Наверное, все вы замечали, что, стоит заговорить о ком-либо отсутствующем, как он тут же является, точно фантом, услышавший зов колдуна. Ширмы раздвинулись, и Доркас предстала перед нами — уже не в привычном облике жалкого, измазанного илом существа, но — полногрудой, стройной, грациозной девушки. Мне приходилось видеть кожу и побелее, но то была лишь болезненная бледность, тогда как кожа Доркас, казалось, сияла здоровьем. Волосы ее оказались золотисто-русыми, а глаза, как и раньше, были темно-голубыми, точно Мировая Река Уроборос из моего сна. Увидев обнаженную Агию, она хотела было вновь скрыться за ширмой, но тело толстухи служанки загородило проход.

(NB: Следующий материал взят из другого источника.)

lemma TP_exists_component:
  assumes "ProdDist n A \<mu>" "i < n" "t \<in> dsupp (\<mu> i)"
  shows "\<exists>\<theta>\<in>TP n \<mu>. \<theta> i = t"
proof -
  have "\<forall>j<n. \<exists>x. x \<in> dsupp (\<mu> j)"
    using assms(1) dsupp_nonempty by (fastforce simp: ProdDist_def)
  then obtain w where w: "\<And>j. j < n \<Longrightarrow> w j \<in> dsupp (\<mu> j)" by metis
  have "(restrict w {..<n})(i := t) \<in> TP n \<mu>"
    using assms(2,3) w by (auto simp: TP_def PiE_iff extensional_def)
  then show ?thesis by (metis fun_upd_same)
qed

lemma muminus_nonneg: "(\<And>j x. j < n \<Longrightarrow> 0 \<le> \<mu> j x) \<Longrightarrow> 0 \<le> muminus n \<mu> i \<theta>"
  unfolding muminus_def by (intro prod_nonneg) auto

lemma sum_muminus_TPi:
  assumes fin: "\<And>j. j < n \<Longrightarrow> finite (dsupp (\<mu> j))" and i: "i < n"
  shows "(\<Sum>\<theta>\<in>TPi n \<mu> i t. muminus n \<mu> i \<theta>) = (\<Prod>j\<in>{..<n} - {i}. sum (\<mu> j) (dsupp (\<mu> j)))"
proof -
  define f where "f j x = (if j = i then 1 else \<mu> j x)" for j x
  have "muminus n \<mu> i \<theta> = (\<Prod>j<n. f j (\<theta> j))" for \<theta>
    using i by (simp add: muminus_def f_def prod.remove)
  then have "(\<Sum>\<theta>\<in>TPi n \<mu> i t. muminus n \<mu> i \<theta>)
      = (\<Prod>j<n. \<Sum>x\<in>(if j = i then {t} else dsupp (\<mu> j)). f j x)"
    unfolding TPi_def using fin by (subst prod_sum_PiE) auto
  also have "\<dots> = (\<Prod>j\<in>{..<n} - {i}. sum (\<mu> j) (dsupp (\<mu> j)))"
    using i by (simp add: prod.remove f_def)
  finally show ?thesis .
qed

lemma pay_obs_monomorphic:
  assumes "\<And>j. j < n \<Longrightarrow> j \<noteq> i \<Longrightarrow> s j (\<theta> j) = \<sigma> j \<and> b \<theta> j = \<sigma> j"
  shows "pay_obs n A p b s \<theta> i u \<rho> =
    (\<Sum>T\<in>Pow ({..<n} - {i}). p ^ (n - 1 - card T) * (1 - p) ^ card T) * mlext n A u (\<sigma>(i := \<rho>))"
proof -
  have "mlext n A u ((mix T (sprof s \<theta>) (b \<theta>))(i := \<rho>)) = mlext n A u (\<sigma>(i := \<rho>))" for T
    using assms by (intro mlext_cong) (auto simp: mix_def sprof_def)
  then show ?thesis by (simp add: pay_obs_def sum_distrib_right)
qed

— Оденусь-ка я лучше, — сказала Агия, — пока твоя любимица не сомлела.
— Я не смотрю, — пробормотала Доркас.
— А мне плевать, смотришь ты или нет. — Однако же, одеваясь, Агия повернулась к нам спиной и, точно обращаясь к густой листве дерева, добавила:
— Теперь нам действительно пора, Северьян. Горнист вот-вот затрубит.

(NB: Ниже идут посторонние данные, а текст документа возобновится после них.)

(* Fix $k\ge2$, $c>0$ and $\zeta_n\in(0,1]$ with $\limsup_n\zeta_n(k-1)c^{k-1}<e$. Let $G=G_n$ be a sequence of asymptotically tree-like, approximately regular $k$-uniform hypergraphs with maximum degree $\Delta$, and let $\mathbf x^\ast$ be the unique fixed point of $F^{G}_{c,\zeta_n}$. Then, uniformly in $v\in V(G)$, $$x_v^\ast=\left(\frac{W((k-1)c^{k-1}\zeta_n)}{(k-1)\zeta_n}\right)^{\frac1{k-1}}+o(1).$$
   Context: Hypergraphs are simple. For a hypergraph $G$ and $S\subseteq V(G)$, $d_G(S)=|\{e\in E(G):S\subseteq e\}|$, $\Delta_\ell(G)=\max_{|S|=\ell}d_G(S)$, $\Delta(G)=\Delta_1(G)$ the maximum degree, $\delta(G)$ the minimum degree, and $\Gamma(G)$ is the maximum over distinct $v,v'$ of the number of $(k-1)$-sets $S$ with $S\cup\{v\},S\cup\{v'\}\in E(G)$. A sequence $(G_n)$ of $k$-uniform hypergraphs is asymptotically tree-like if, with $G=G_n$, $\Delta=\Delta(G)$, as $n\to\infty$: (1) $\Delta\to\infty$; (2) $\Delta_\ell(G)=o(\Delta^{\frac{k-\ell}{k-1}})$ for each $\ell\in\{2,\dots,k-1\}$; (3) $\Gamma(G)=o(\Delta)$; (4) $|E(G)|/|V(G)|=\Omega(\Delta)$. It is approximately regular if also $\delta(G)=(1-o(1))\Delta(G)$. $(F^G_{c,\zeta}(\mathbf x))_v=c\exp\left(-\frac{\zeta}{\Delta}\sum_{e\ni v}\prod_{u\in e\setminus\{v\}}x_u\right)$. $W$ is the Lambert $W$ function. *)

theory Defs
  imports "HOL-Analysis.Analysis" "HOL-Library.Landau_Symbols"
begin

definition uniform_hypergraph :: "nat \<Rightarrow> 'a set \<Rightarrow> 'a set set \<Rightarrow> bool" where
  "uniform_hypergraph k V E \<longleftrightarrow> finite V \<and> (\<forall>e\<in>E. e \<subseteq> V \<and> card e = k)"

definition hdeg :: "'a set set \<Rightarrow> 'a set \<Rightarrow> nat" where
  "hdeg E S = card {e \<in> E. S \<subseteq> e}"

definition codeg_max :: "'a set \<Rightarrow> 'a set set \<Rightarrow> nat \<Rightarrow> nat" where
  "codeg_max V E l = Max {hdeg E S | S. S \<subseteq> V \<and> card S = l}"

definition max_degree :: "'a set \<Rightarrow> 'a set set \<Rightarrow> nat" where
  "max_degree V E = Max ((\<lambda>v. hdeg E {v}) ` V)"

definition min_degree :: "'a set \<Rightarrow> 'a set set \<Rightarrow> nat" where
  "min_degree V E = Min ((\<lambda>v. hdeg E {v}) ` V)"

definition Gamma_hg :: "nat \<Rightarrow> 'a set \<Rightarrow> 'a set set \<Rightarrow> nat" where
  "Gamma_hg k V E = Max {card {S. card S = k - 1 \<and> S \<union> {v} \<in> E \<and> S \<union> {v'} \<in> E}
                          | v v'. v \<in> V \<and> v' \<in> V \<and> v \<noteq> v'}"

definition asymp_tree_like :: "nat \<Rightarrow> (nat \<Rightarrow> 'a set) \<Rightarrow> (nat \<Rightarrow> 'a set set) \<Rightarrow> bool" where
  "asymp_tree_like k V E \<longleftrightarrow>
     (\<forall>n. uniform_hypergraph k (V n) (E n)) \<and>
     filterlim (\<lambda>n. real (max_degree (V n) (E n))) at_top sequentially \<and>
     (\<forall>l\<in>{2..k-1}. (\<lambda>n. real (codeg_max (V n) (E n) l)) \<in>
        o(\<lambda>n. real (max_degree (V n) (E n)) powr ((real k - real l) / (real k - 1)))) \<and>
     (\<lambda>n. real (Gamma_hg k (V n) (E n))) \<in> o(\<lambda>n. real (max_degree (V n) (E n))) \<and>
     (\<lambda>n. real (card (E n)) / real (card (V n))) \<in> \<Omega>(\<lambda>n. real (max_degree (V n) (E n)))"

definition approx_regular :: "(nat \<Rightarrow> 'a set) \<Rightarrow> (nat \<Rightarrow> 'a set set) \<Rightarrow> bool" where
  "approx_regular V E \<longleftrightarrow>
     ((\<lambda>n. real (min_degree (V n) (E n)) / real (max_degree (V n) (E n))) \<longlonglongrightarrow> 1)"

definition F_map :: "'a set \<Rightarrow> 'a set set \<Rightarrow> real \<Rightarrow> real \<Rightarrow> ('a \<Rightarrow> real) \<Rightarrow> 'a \<Rightarrow> real" where
  "F_map V E c \<zeta> x v = c * exp (- (\<zeta> / real (max_degree V E)) *
       (\<Sum>e\<in>{e \<in> E. v \<in> e}. \<Prod>u\<in>e - {v}. x u))"

definition lambertW :: "real \<Rightarrow> real" where
  "lambertW x = (THE w. w \<ge> -1 \<and> w * exp w = x)"

end

theory Submission
  imports Defs
begin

— И что это должно означать?
— Ты не знаешь? — Она повернулась к нам лицом. — Когда солнечный диск касается зубцов Стены, на Кровавом Поле трубит горн — это первый сигнал. Некоторые считают, что это — сигнал к началу поединков, но это не так. Сигнал предназначен стражам внутри города и означает, что настало время запирать ворота. А попутно он означает и начало поединка — если ты успел прийти вовремя. Когда солнце скрывается за горизонтом и наступает ночь, горнист на Стене трубит еще раз — та-таа! С этого момента ворота не будут открыты ни для кого — даже для тех, кто имеет специальные пропуска. Также сигнал означает, что всякий, бросивший или принявший вызов и не явившийся на Кровавое Поле, считается отказавшимся дать сатисфакцию противнику. После этого он может быть убит в любое время и в любом месте, и армигер либо экзультант, нанявший для этого убийц, не запятнает тем своей чести.

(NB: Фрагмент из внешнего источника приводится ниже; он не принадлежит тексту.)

text \<open>S(A,1) is a complete graph, so every set of 1-permutations is connected.\<close>
lemma reach_length_one: assumes "X \<subseteq> perms A 1" "x \<in> X" "y \<in> X" shows "reach X A 1 x y"
proof (cases "x = y")
  case False
  have "x \<in> perms A 1" "y \<in> perms A 1" using assms by auto
  then obtain a b where "x = [a]" "y = [b]" "b \<in> A"
    unfolding perms_def by (auto simp: length_Suc_conv)
  then have "star A 1 x y" using assms False by (intro star_newI[of _ _ _ b]) auto
  then have "induced_adj X (star A 1) x y" using assms unfolding induced_adj_def by simp
  then show ?thesis by simp
qed simp

lemma reach_snoc:
  assumes "1 \<le> k" "c \<in> A" "W \<subseteq> perms A (Suc k)" "reach (fibre c W) (A - {c}) k x y"
  shows "reach W A (Suc k) (x @ [c]) (y @ [c])"
  using assms(4)
proof (induction rule: rtranclp_induct)
  case (step y z)
  have yz: "y \<in> fibre c W" "z \<in> fibre c W" "star (A - {c}) k y z"
    using step(2) unfolding induced_adj_def by auto
  have "y \<in> perms (A - {c}) k" using yz(1) fibre_perms[OF assms(3)] by blast
  then have "star A (Suc k) (y @ [c]) (z @ [c])" using star_snoc_iff[OF assms(1) _ assms(2)] yz(3) by simp
  moreover have "y @ [c] \<in> W" "z @ [c] \<in> W" using yz unfolding fibre_def by auto
  ultimately show ?case using step(3) reach_step by metis
qed simp

section \<open>The closed neighbourhood of a set of minimum degree h\<close>

definition nbhd :: "'a set \<Rightarrow> nat \<Rightarrow> 'a list set \<Rightarrow> 'a list set" where
  "nbhd A k D = D \<union> {q. \<exists>p\<in>D. star A k p q}"

lemma nbhd_perms: "1 \<le> k \<Longrightarrow> D \<subseteq> perms A k \<Longrightarrow> nbhd A k D \<subseteq> perms A k"
  unfolding nbhd_def using star_perms by blast

lemma finite_nbhd: "finite A \<Longrightarrow> 1 \<le> k \<Longrightarrow> D \<subseteq> perms A k \<Longrightarrow> finite (nbhd A k D)"
  by (rule finite_subset[OF nbhd_perms finite_perms])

Служанка, все это время стоявшая у лестницы и кивавшая, отодвинулась, пропуская в «кабинет» харчевника.
— Сьер, — сказал он, — если у тебя и впрямь назначен поединок, я бы…
— Моя подруга только что сказала то же самое, — оборвал я его. — Нам нужно идти.
Тут Доркас спросила, нельзя ли и ей выпить вина. Я удивился, но согласно кивнул, и харчевник налил ей бокал, который она взяла обеими руками, совсем по-детски. Между тем я спросил хозяина, имеются ли у него письменные принадлежности для гостей.
— Хочешь составить завещание, сьер? Идем — у нас для этого есть особый будуар. И — совершенно бесплатно. Если хочешь, можно сразу же отослать с мальчишкой к душеприказчику.
Взяв «Терминус Эст», я последовал за ним, оставив Агию с Доркас присматривать за аверном. «Будуар», которым хвастал харчевник, оказался крохотным помостом, едва вмещавшим табурет и стол с несколькими перьями, чернильницей и бумагой. Присев к столу, я написал на листе бумаги слова выброшенной Агией записки. Бумага, насколько можно было судить, оказалась точно такой же, и чернила были того же блекло-черного цвета. Посыпав написанное песком, сложив бумагу и спрятав ее в тот карман ташки, которым я пользовался реже всего, я сказал харчевнику, что посыльного не требуется, и спросил, не знает ли он кого-либо по имени Трудо.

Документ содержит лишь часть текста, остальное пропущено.